4 . The method of claim 3 further comprising choosing, by the LLM, from the plurality of potential answers that were determined, the potential answer with a highest engagement metric.
5 . The method of claim 1 wherein the livestream includes a human assistant.
6 . The method of claim 5 further comprising approving, by the human assistant, the answer to the question.
7 . The method of claim 5 further comprising editing, by the human assistant, the answer that was determined by the LLM.
8 . The method of claim 7 further comprising publishing, by the human assistant, the answer that was edited.
9 . The method of claim 5 further comprising highlighting, to the human assistant, the answer, wherein the engagement metric is close to the threshold value.
10 . The method of claim 9 further comprising recommending, by the LLM, an action, to the human assistant.
11 . The method of claim 1 further comprising adding one or more timestamps, to the livestream, wherein each timestamp in the one or more timestamps represents a location, in the livestream, relevant to a product within the one or more products for sale.
12 . The method of claim 11 wherein the adding is accomplished dynamically by machine learning.
13 . The method of claim 12 wherein the livestream includes a listing of the one or more products for sale.
14 . The method of claim 13 further comprising selecting, by the user, a first product within the one or more products for sale that were listed.
15 . The method of claim 14 further comprising rewinding the livestream to the timestamp relevant to the first product that was selected, wherein the timestamp relevant to the product that was selected occurs earlier than a current point in the livestream.
16 . The method of claim 1 wherein the posting includes a shadow post, wherein the shadow post restricts viewing of the answer to the user, and wherein the shadow post appears as a normal post to the user.

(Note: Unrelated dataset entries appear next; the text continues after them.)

lemma cent_Y_ge_L:
  assumes "u \<in> {1..U}" "a \<in> S \<inter> Kset_u V u"
  shows "L \<le> cent b p (Y u) (WZ_off (S \<inter> Kset_u V u))"
proof -
  let ?R = "\<lambda>\<omega>. (fam W (K - {a}) \<omega>, fam Z (K - S \<inter> Kset_u V u) \<omega>)"
  have "a \<in> K"
    using assms Kset_u_subset_Kset by blast
  have "L = cent b p (W a) ?R"
    by (rule cent_W_eq_L[OF \<open>a \<in> K\<close>, symmetric], rule determinesI) (auto simp: fam_eq_iff)
  also have "\<dots> \<le> cent b p (Y u) ?R"
  proof (rule cent_le_cent_if_determines, rule determinesI)
    fix \<omega> \<omega>' assume \<omega>: "\<omega> \<in> set_pmf p" "\<omega>' \<in> set_pmf p"
      and eq: "(Y u \<omega>, ?R \<omega>) = (Y u \<omega>', ?R \<omega>')"
    have "Y u' \<omega> = Y u' \<omega>'" if "u' \<in> {1..U}" for u'
    proof (cases "u' = u")
      case False
      then have "Kset_u V u' \<subseteq> K - {a}" "Kset_u V u' \<subseteq> K - S \<inter> Kset_u V u"
        using Kset_u_disjoint[of u' u V] Kset_u_subset_Kset[OF that] assms(2) by auto
      then show ?thesis
        using eq \<omega> that by (intro Y_eqI) (auto simp: fam_eq_iff)
    qed (use eq in simp)
    then show "W a \<omega> = W a \<omega>'"
      using eq \<omega> \<open>a \<in> K\<close> by (intro W_eqI_from_Y) (auto simp: fam_eq_iff)
  qed
  also have "\<dots> \<le> cent b p (Y u) (WZ_off (S \<inter> Kset_u V u))"
    using assms(2) by (intro cent_mono_cond determinesI) (auto simp: fam_eq_iff WZ_on_eq_iff)
  finally show ?thesis .
qed

lemma cent_fam_Y_ge:
  assumes "UU \<subseteq> Uset U V S T"
  shows "card UU * L \<le> cent b p (fam Y UU) (WZ_off (KsetU V UU \<inter> S))"
  using finite_subset[OF assms finite_subset[OF Uset_subset finite_atLeastAtMost]] assms
proof (induction UU rule: finite_subset_induct')
  case empty
  then show ?case by (simp add: cent_nonneg)
next
  case (insert u UU)
  let ?B = "KsetU V UU \<inter> S" and ?B' = "KsetU V (insert u UU) \<inter> S"
  have u: "u \<in> {1..U}" and "S \<inter> Kset_u V u \<noteq> {}"
    using insert.hyps(2) by (auto simp: Uset_def)
  then obtain a where a: "a \<in> S \<inter> Kset_u V u"
    by blast
  have "UU \<subseteq> {1..U}"
    using insert.hyps(3) Uset_subset by blast
  have "Kset_u V u' \<subseteq> K - S \<inter> Kset_u V u" if "u' \<in> UU" for u'
    using Kset_u_disjoint[of u' u V] Kset_u_subset_Kset[of u' U V] \<open>UU \<subseteq> {1..U}\<close> that insert.hyps(4)
    by blast
  then have "cent b p (Y u) (WZ_off (S \<inter> Kset_u V u))
      \<le> cent b p (Y u) (\<lambda>\<omega>. (fam Y UU \<omega>, WZ_off ?B' \<omega>))"
    using \<open>UU \<subseteq> {1..U}\<close>
    by (intro cent_mono_cond determines_pairI WZ_on_determines_Y determines_WZ_on_mono)
      (auto simp: KsetU_def)
  moreover have "cent b p (fam Y UU) (WZ_off ?B) \<le> cent b p (fam Y UU) (WZ_off ?B')"
    by (intro cent_mono_cond determines_WZ_on_mono) (auto simp: KsetU_def)
  ultimately show ?case
    using insert cent_Y_ge_L[OF u a] cent_fam_insert[of Y u UU "WZ_off ?B'"]
    by (simp add: algebra_simps)
qed

lemma cent_sumW_independent:
  assumes "k0 \<in> K" and G: "determines p (\<lambda>\<omega>. (fam W (K - {k0}) \<omega>, fam Z K \<omega>)) G"
  shows "cent b p sumW G = ent b p sumW"
proof -
  let ?R = "\<lambda>\<omega>. (fam W (K - {k0}) \<omega>, fam Z K \<omega>)"
  have "ent b p (\<lambda>\<omega>. (sumW \<omega>, ?R \<omega>)) = ent b p (\<lambda>\<omega>. (W k0 \<omega>, ?R \<omega>))"
  proof (rule ent_eqI, rule iffI)
    fix \<omega> \<omega>'
    assume eq: "(sumW \<omega>, ?R \<omega>) = (sumW \<omega>', ?R \<omega>')"
    then have "W k0 \<omega> = W k0 \<omega>'"
      by (intro W_eqI_from_sumW[OF \<open>k0 \<in> K\<close>]) (auto simp: fam_eq_iff)
    with eq show "(W k0 \<omega>, ?R \<omega>) = (W k0 \<omega>', ?R \<omega>')"
      by simp
  next
    fix \<omega> \<omega>'
    assume eq: "(W k0 \<omega>, ?R \<omega>) = (W k0 \<omega>', ?R \<omega>')"
    then have "\<forall>k\<in>K. W k \<omega> = W k \<omega>'"
      by (auto simp: fam_eq_iff)
    then have "sumW \<omega> = sumW \<omega>'"
      by (auto intro!: sum.cong)
    with eq show "(sumW \<omega>, ?R \<omega>) = (sumW \<omega>', ?R \<omega>')"
      by simp
  qed
  moreover have "cent b p (W k0) ?R = L"
    by (rule cent_W_eq_L[OF \<open>k0 \<in> K\<close>], rule determinesI) simp
  ultimately have "cent b p sumW ?R = L"
    unfolding cent_def by simp
  then show ?thesis
    using cent_mono_cond[OF G, of sumW] cent_le_ent[of sumW G] ent_sumW_le by linarith
qed

lemma cmi_fam_Y_fam_W_eq_0:
  assumes "B \<subseteq> S" "S \<subseteq> K" "T \<subseteq> K" "UU \<subseteq> {1..U}"
    and k0: "k0 \<in> K" "k0 \<notin> KsetU V UU \<union> B \<union> T"
    and secure: "cmi b p (fam Y {1..U}) (fam W S) (\<lambda>\<omega>. (sumW \<omega>, fam (\<lambda>k \<omega>. (W k \<omega>, Z k \<omega>)) T \<omega>)) = 0"
  shows "cmi b p (fam Y UU) (fam W B) (WZ_on T) = 0"
proof -
  have "cmi b p (fam Y UU) (fam W B) (\<lambda>\<omega>. (sumW \<omega>, WZ_on T \<omega>))
      = cmi b p (fam Y UU) (fam W B) (\<lambda>\<omega>. (sumW \<omega>, fam (\<lambda>k \<omega>. (W k \<omega>, Z k \<omega>)) T \<omega>))"
    by (rule cmi_cong_cond) (auto simp: fam_eq_iff WZ_on_eq_iff)
  also have "\<dots> \<le> cmi b p (fam Y {1..U}) (fam W S) (\<lambda>\<omega>. (sumW \<omega>, fam (\<lambda>k \<omega>. (W k \<omega>, Z k \<omega>)) T \<omega>))"
    using assms(1,4) by (intro cmi_mono determines_fam_subset)
  finally have "cmi b p (fam Y UU) (fam W B) (\<lambda>\<omega>. (sumW \<omega>, WZ_on T \<omega>)) = 0"
    using secure cmi_nonneg[of "fam Y UU" "fam W B" "\<lambda>\<omega>. (sumW \<omega>, WZ_on T \<omega>)"] by linarith
  moreover have "cent b p sumW (\<lambda>\<omega>. (fam Y UU \<omega>, fam W B \<omega>, WZ_on T \<omega>)) = ent b p sumW"
  proof (rule cent_sumW_independent[OF k0(1)])
    have "Kset_u V u \<subseteq> K - {k0}" if "u \<in> UU" for u
    proof -
      have "Kset_u V u \<subseteq> K"
        using that \<open>UU \<subseteq> {1..U}\<close> Kset_u_subset_Kset by blast
      then show ?thesis
        using that k0 by (auto simp: KsetU_def)
    qed
    then have "determines p (WZ_on (K - {k0})) (fam Y UU)"
      using \<open>UU \<subseteq> {1..U}\<close> by (intro WZ_on_determines_Y)
    moreover have "determines p (WZ_on (K - {k0})) (fam W B)"
      using assms(1,2) k0 by (intro determinesI) (auto simp: fam_eq_iff WZ_on_eq_iff)
    moreover have "determines p (WZ_on (K - {k0})) (WZ_on T)"
      using \<open>T \<subseteq> K\<close> k0 by (intro determines_WZ_on_mono) auto
    ultimately have "determines p (WZ_on (K - {k0})) (\<lambda>\<omega>. (fam Y UU \<omega>, fam W B \<omega>, WZ_on T \<omega>))"
      by (intro determines_pairI)
    then show "determines p (\<lambda>\<omega>. (fam W (K - {k0}) \<omega>, fam Z K \<omega>)) (\<lambda>\<omega>. (fam Y UU \<omega>, fam W B \<omega>, WZ_on T \<omega>))"
      by (rule determines_trans) (rule determinesI, auto simp: fam_eq_iff WZ_on_eq_iff)
  qed
  ultimately show ?thesis
    by (simp add: cmi_drop_independent_cond)
qed

lemma cent_Z_Uset_ge_card:
  assumes "S \<subseteq> K" "T \<subseteq> K" "S \<inter> T = {}" "UU \<subseteq> Uset U V S T"
    and k0: "k0 \<in> K" "k0 \<notin> KsetU V UU \<union> T"
    and secure: "cmi b p (fam Y {1..U}) (fam W S) (\<lambda>\<omega>. (sumW \<omega>, fam (\<lambda>k \<omega>. (W k \<omega>, Z k \<omega>)) T \<omega>)) = 0"
  shows "card UU * L \<le> cent b p (fam Z (KsetU V (Uset U V S T))) (fam Z T)"
proof -
  define B where "B = KsetU V UU \<inter> S"
  have "B \<subseteq> K" "T \<subseteq> K - B" "UU \<subseteq> {1..U}"
    using assms Uset_subset[of U V S T] by (auto simp: B_def)
  then have independent: "cmi b p (fam Y UU) (fam W B) (WZ_on T) = 0"
    using k0 by (intro cmi_fam_Y_fam_W_eq_0[OF _ \<open>S \<subseteq> K\<close> \<open>T \<subseteq> K\<close> _ k0(1) _ secure])
      (auto simp: B_def KsetU_def)
  have "card UU * L \<le> cent b p (fam Y UU) (WZ_off B)"
    using cent_fam_Y_ge[OF assms(4)] by (simp add: B_def)
  also have "\<dots> \<le> cent b p (fam Y UU) (WZ_on T)"
    using \<open>T \<subseteq> K - B\<close> by (intro cent_mono_cond determines_WZ_on_mono)
  also have "\<dots> = cent b p (fam Y UU) (\<lambda>\<omega>. (fam W B \<omega>, WZ_on T \<omega>))"
    using independent by (simp add: cmi_eq_cent_diff)
  also have "\<dots> \<le> cent b p (fam Z B) (\<lambda>\<omega>. (fam W B \<omega>, WZ_on T \<omega>))"
  proof (rule cent_le_cent_if_determines)
    have "Kset_u V u \<subseteq> B \<union> T" if "u \<in> UU" for u
      using that assms(4) by (auto simp: Uset_def B_def KsetU_def)
    then have "determines p (WZ_on (B \<union> T)) (fam Y UU)"
      using \<open>UU \<subseteq> {1..U}\<close> by (intro WZ_on_determines_Y)
    then show "determines p (\<lambda>\<omega>. (fam Z B \<omega>, fam W B \<omega>, WZ_on T \<omega>)) (fam Y UU)"
      using determines_WZ_on_Un by (rule determines_trans)
  qed
  also have "\<dots> = cent b p (fam Z B) (fam Z T)"
    using \<open>B \<subseteq> K\<close> \<open>T \<subseteq> K\<close> by (rule cent_Z_given_W_eq)
  also have "\<dots> \<le> cent b p (fam Z (KsetU V (Uset U V S T))) (fam Z T)"
    using assms(4) by (intro cent_mono_left determines_fam_subset) (auto simp: B_def KsetU_def)
  finally show ?thesis .
qed

lemma cent_Z_Uset_ge:
  assumes "S \<subseteq> K" "T \<subseteq> K" "S \<inter> T = {}"
    and secure: "cmi b p (fam Y {1..U}) (fam W S) (\<lambda>\<omega>. (sumW \<omega>, fam (\<lambda>k \<omega>. (W k \<omega>, Z k \<omega>)) T \<omega>)) = 0"
  shows "(if card (KsetU V (Uset U V S T) \<union> T) = card K
          then (real (card (Uset U V S T)) - 1) * real L
          else real (card (Uset U V S T)) * real L)
         \<le> cent b p (fam Z (KsetU V (Uset U V S T))) (fam Z T)"
proof -
  let ?UU = "Uset U V S T"
  have "KsetU V ?UU \<union> T \<subseteq> K"
    using KsetU_subset_Kset[OF Uset_subset] \<open>T \<subseteq> K\<close> by blast
  then have card_eq_iff: "card (KsetU V ?UU \<union> T) = card K \<longleftrightarrow> KsetU V ?UU \<union> T = K"
    using card_subset_eq[OF finite_Kset] by metis
  show ?thesis
  proof (cases "KsetU V ?UU \<union> T = K")
    case False
    then obtain k0 where "k0 \<in> K" "k0 \<notin> KsetU V ?UU \<union> T"
      using \<open>KsetU V ?UU \<union> T \<subseteq> K\<close> by blast
    then show ?thesis
      using cent_Z_Uset_ge_card[OF assms(1-3) order_refl _ _ secure] False card_eq_iff by simp
  next
    case True
    show ?thesis
    proof (cases "?UU = {}")
      case True
      then show ?thesis
        using cent_nonneg[of "fam Z (KsetU V ?UU)" "fam Z T"] by simp
    next
      case False
      then obtain u0 k0 where u0: "u0 \<in> ?UU" and k0: "k0 \<in> S \<inter> Kset_u V u0"
        by (auto simp: Uset_def)
      have "card (?UU - {u0}) * L \<le> cent b p (fam Z (KsetU V ?UU)) (fam Z T)"
        using k0 assms not_mem_KsetU_Diff[of k0 V u0 ?UU]
        by (intro cent_Z_Uset_ge_card[OF assms(1-3) _ _ _ secure]) auto
      moreover have "card (?UU - {u0}) = card ?UU - 1" "card ?UU \<ge> 1"
        using u0 finite_subset[OF Uset_subset] by (auto simp: card_gt_0_iff Suc_le_eq)
      ultimately show ?thesis
        using \<open>KsetU V ?UU \<union> T = K\<close> by (simp add: of_nat_diff)
    qed
  qed
qed

end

17 . The method of claim 1 further comprising training the LLM.
18 . The method of claim 17 wherein the training includes the catalog of the one or more products for sale.
19 . The method of claim 17 wherein the training includes a host information or a company information.
20 . The method of claim 17 wherein the training includes a context of the livestream or a transcript of the livestream.
21 . The method of claim 17 wherein the training includes one or more previous livestreams.
22 . The method of claim 17 wherein the training includes one or more previous comments or a chat history.
23 . The method of claim 1 wherein the monitoring includes voice input from the user.
24 . The method of claim 1 wherein the posting is accomplished in a private communication with the user.
25 . The method of claim 1 wherein the posting includes a weblink to purchase the one or more products.
26 . A computer program product embodied in a non-transitory computer readable medium for video analysis, the computer program product comprising code which causes one or more processors to perform operations of:
accessing a livestream, wherein the livestream includes a livestream chat and one or more products for sale from a catalog of products, and wherein the livestream includes at least one host and a plurality of users; monitoring, by a large language model (LLM), the livestream chat, wherein the monitoring detects a question from a user within the plurality of users; determining, by the LLM, an answer to the question that was detected; calculating an engagement metric, for the answer, wherein the engagement metric is predictive of a future engagement in the livestream, by one or more users within the plurality of users, if the answer was posted in the livestream chat; and posting, in the livestream chat, the answer to the question, if the engagement metric is above a threshold value.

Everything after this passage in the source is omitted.